The broken strings of
your guitar
Or the broken notes of
their Pena
The analogy between the guitar and the Pena resonates with
the guitar/balalaika pair in The Scorpions’ ‘Wings of Change’, though in an
exactly opposite context. The home gives the persona everything except, like
the tragic Mughal prince,
… a tiny corner
To rest at long last
Broken bones of our
hearts.
Soibam’s poems in this section are vitriolic attacks on
various aspects of the Indian democracy, especially ‘India whining’ as opposed
to ‘India shining.’ In ‘Another Polish for My Nails’, my favourite poem from
this set, an ordinary voter pines after the politician like a beloved waiting
for her lover to fulfil his ‘promises.’ The electoral ink is satirised as a
lover’s gift of nail polish for his beloved. The poem concludes in a
mock-pining note
Yet I believed
Like a love struck
luckless lover
I wish I have (sic)
chosen
Another polish for my
nails.
The final section, ‘Love and Longingness’ (sic) is the weakest
link in the anthology. The metaphors are stale and the language is stiff and
prosaic.
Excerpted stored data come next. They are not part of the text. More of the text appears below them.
lemma sg_closed_Inf: "(\<And>S. S \<in> F \<Longrightarrow> sg_closed G S) \<Longrightarrow> sg_closed G (Inf F)"
  by (auto simp: sg_closed_def)

lemma sg_closed_Sup: "(\<And>S. S \<in> F \<Longrightarrow> sg_closed G S) \<Longrightarrow> sg_closed G (Sup F)"
  unfolding sg_closed_def by (simp, blast)

lemma sg_closed_span: "sg_closed G (span G i p)"
  by (force simp: sg_closed_def span_def lsrc_def ltgt_def)

definition arc_rel :: "('v,'e) pre_digraph \<Rightarrow> 'e set \<Rightarrow> ('v \<times> 'v) set" where
  "arc_rel G E = {(tail G a, head G a) | a. a \<in> E} \<union> {(head G a, tail G a) | a. a \<in> E}"

lemma sg_comp_eq:
  "sg_comp G S v = ({y \<in> fst S. (v, y) \<in> (arc_rel G (snd S))\<^sup>*},
     {a \<in> snd S. tail G a \<in> {y \<in> fst S. (v, y) \<in> (arc_rel G (snd S))\<^sup>*}
                \<and> head G a \<in> {y \<in> fst S. (v, y) \<in> (arc_rel G (snd S))\<^sup>*}})"
  unfolding sg_comp_def arc_rel_def Let_def by simp

lemma sg_closed_sg_comp: "sg_closed G (sg_comp G S v)"
  by (auto simp: sg_closed_def sg_comp_eq)

lemma sg_comp_le: "sg_comp G S v \<le> S"
  by (auto simp: sg_comp_eq less_eq_prod_def)

lemma start_in_sg_comp: "v \<in> fst S \<Longrightarrow> v \<in> fst (sg_comp G S v)"
  by (simp add: sg_comp_eq)

lemma arc_in_sg_comp:
  assumes "sg_closed G S" "a \<in> snd S"
    and "tail G a \<in> fst (sg_comp G S v) \<or> head G a \<in> fst (sg_comp G S v)"
  shows "a \<in> snd (sg_comp G S v)"
proof -
  have "(tail G a, head G a) \<in> arc_rel G (snd S)" "(head G a, tail G a) \<in> arc_rel G (snd S)"
    using assms(2) by (auto simp: arc_rel_def)
  moreover have "tail G a \<in> fst S" "head G a \<in> fst S"
    using assms(1,2) by (auto simp: sg_closed_def)
  ultimately show ?thesis
    using assms(2,3) by (auto simp: sg_comp_eq intro: rtrancl_into_rtrancl)
qed

lemma span_Cons:
  "span G (lsrc G l) (l # q) =
     (insert (lsrc G l) (fst (span G (ltgt G l) q)), insert (fst l) (snd (span G (ltgt G l) q)))"
  by (auto simp: span_def)
lemma fixes_ends_right_inverse:
  assumes qi: "quasi_isometry f" and fe: "fixes_ends f" and right_inv: "\<And>y. \<bar>f (g y) - y\<bar> \<le> B"
  shows "fixes_ends g"
proof -
  obtain K C where K: "K > 0" "coarsely_increasing K C f"
    using increasing_qi_if_fixes_ends[OF qi fe] unfolding increasing_qi_def by blast
  have "Z \<le> g y" if "f Z + C + B + 1 \<le> y" for Z y
  proof (rule ccontr)
    assume "\<not> Z \<le> g y"
    then have "0 \<le> (Z - g y) / K" using K(1) by simp
    then show False using coarsely_increasingD[OF K(2), of "g y" Z] \<open>\<not> Z \<le> g y\<close>
      right_inv[of y] that by linarith
  qed
  moreover have "g y \<le> Z" if "y \<le> f Z - C - B - 1" for Z y
  proof (rule ccontr)
    assume "\<not> g y \<le> Z"
    then have "0 \<le> (g y - Z) / K" using K(1) by simp
    then show False using coarsely_increasingD[OF K(2), of Z "g y"] \<open>\<not> g y \<le> Z\<close>
      right_inv[of y] that by linarith
  qed
  ultimately show ?thesis unfolding fixes_ends_def filterlim_at_top filterlim_at_bot
    eventually_at_top_linorder eventually_at_bot_linorder by blast
qed

section \<open>The group of quasi-isometries and its subgroups\<close>

lemma qi_rel_iff:
  "(f, g) \<in> qi_rel \<longleftrightarrow> quasi_isometry f \<and> quasi_isometry g \<and> (\<exists>B. \<forall>x. \<bar>f x - g x\<bar> \<le> B)"
  by (simp add: qi_rel_def)

lemma equiv_qi_rel: "equiv {f. quasi_isometry f} qi_rel"
proof (rule equivI)
  show "qi_rel \<subseteq> {f. quasi_isometry f} \<times> {f. quasi_isometry f}" by (auto simp: qi_rel_def)
  show "refl_on {f. quasi_isometry f} qi_rel"
    unfolding refl_on_def by (auto simp: qi_rel_iff intro!: exI[of _ 0])
  show "sym qi_rel"
    unfolding sym_def qi_rel_iff by (simp add: abs_minus_commute)
  show "trans qi_rel" unfolding trans_def
  proof (intro allI impI)
    fix f g h assume fg: "(f, g) \<in> qi_rel" and gh: "(g, h) \<in> qi_rel"
    then obtain B1 B2 where B: "\<forall>x. \<bar>f x - g x\<bar> \<le> B1" "\<forall>x. \<bar>g x - h x\<bar> \<le> B2"
      by (auto simp: qi_rel_iff)
    have "\<bar>f x - h x\<bar> \<le> B1 + B2" for x
      using B[rule_format, of x] by linarith
    then have "\<forall>x. \<bar>f x - h x\<bar> \<le> B1 + B2" ..
    then show "(f, h) \<in> qi_rel" using fg gh by (auto simp: qi_rel_iff)
  qed
qed

lemma qi_class_self: "quasi_isometry f \<Longrightarrow> f \<in> qi_class f"
  using equiv_class_self[OF equiv_qi_rel] by (simp add: qi_class_def)

lemma qi_class_eq: "(f, g) \<in> qi_rel \<Longrightarrow> qi_class f = qi_class g"
  using equiv_class_eq[OF equiv_qi_rel] by (simp add: qi_class_def)

lemma qi_class_eq_iff:
  "quasi_isometry f \<Longrightarrow> quasi_isometry g \<Longrightarrow> qi_class f = qi_class g \<longleftrightarrow> (f, g) \<in> qi_rel"
  using eq_equiv_class_iff[OF equiv_qi_rel] by (simp add: qi_class_def)

lemma qi_class_in_carrier: "quasi_isometry f \<Longrightarrow> qi_class f \<in> carrier QI"
  unfolding QI_def qi_class_def by (auto intro: quotientI)

lemma carrier_QI_member:
  assumes "A \<in> carrier QI" "f \<in> A"
  shows "quasi_isometry f" "A = qi_class f"
proof -
  obtain g where g: "quasi_isometry g" "A = qi_class g"
    using assms(1) unfolding QI_def qi_class_def by (auto elim: quotientE)
  then have "(g, f) \<in> qi_rel" using assms(2) by (simp add: qi_class_def)
  then show "quasi_isometry f" "A = qi_class f" using g(2) qi_class_eq by (auto simp: qi_rel_iff)
qed

lemma carrier_QI_obtain:
  assumes "A \<in> carrier QI"
  obtains f where "quasi_isometry f" "A = qi_class f"
  using assms unfolding QI_def qi_class_def by (auto elim: quotientE)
Shreema’s ‘Becoming of You in Me’ is heavy on metaphysical conceit but
the selection of words and syntactic errors make the poem almost unbearable.
Only Soibam delivers in this set. In her pleasantly caustic love-letter-like
‘To the Researcher,’ the relationship between the government survey analyst and
a villager is parodied as a romantic relationship. The language shifts between
a lover’s rebuke and a song of yearning.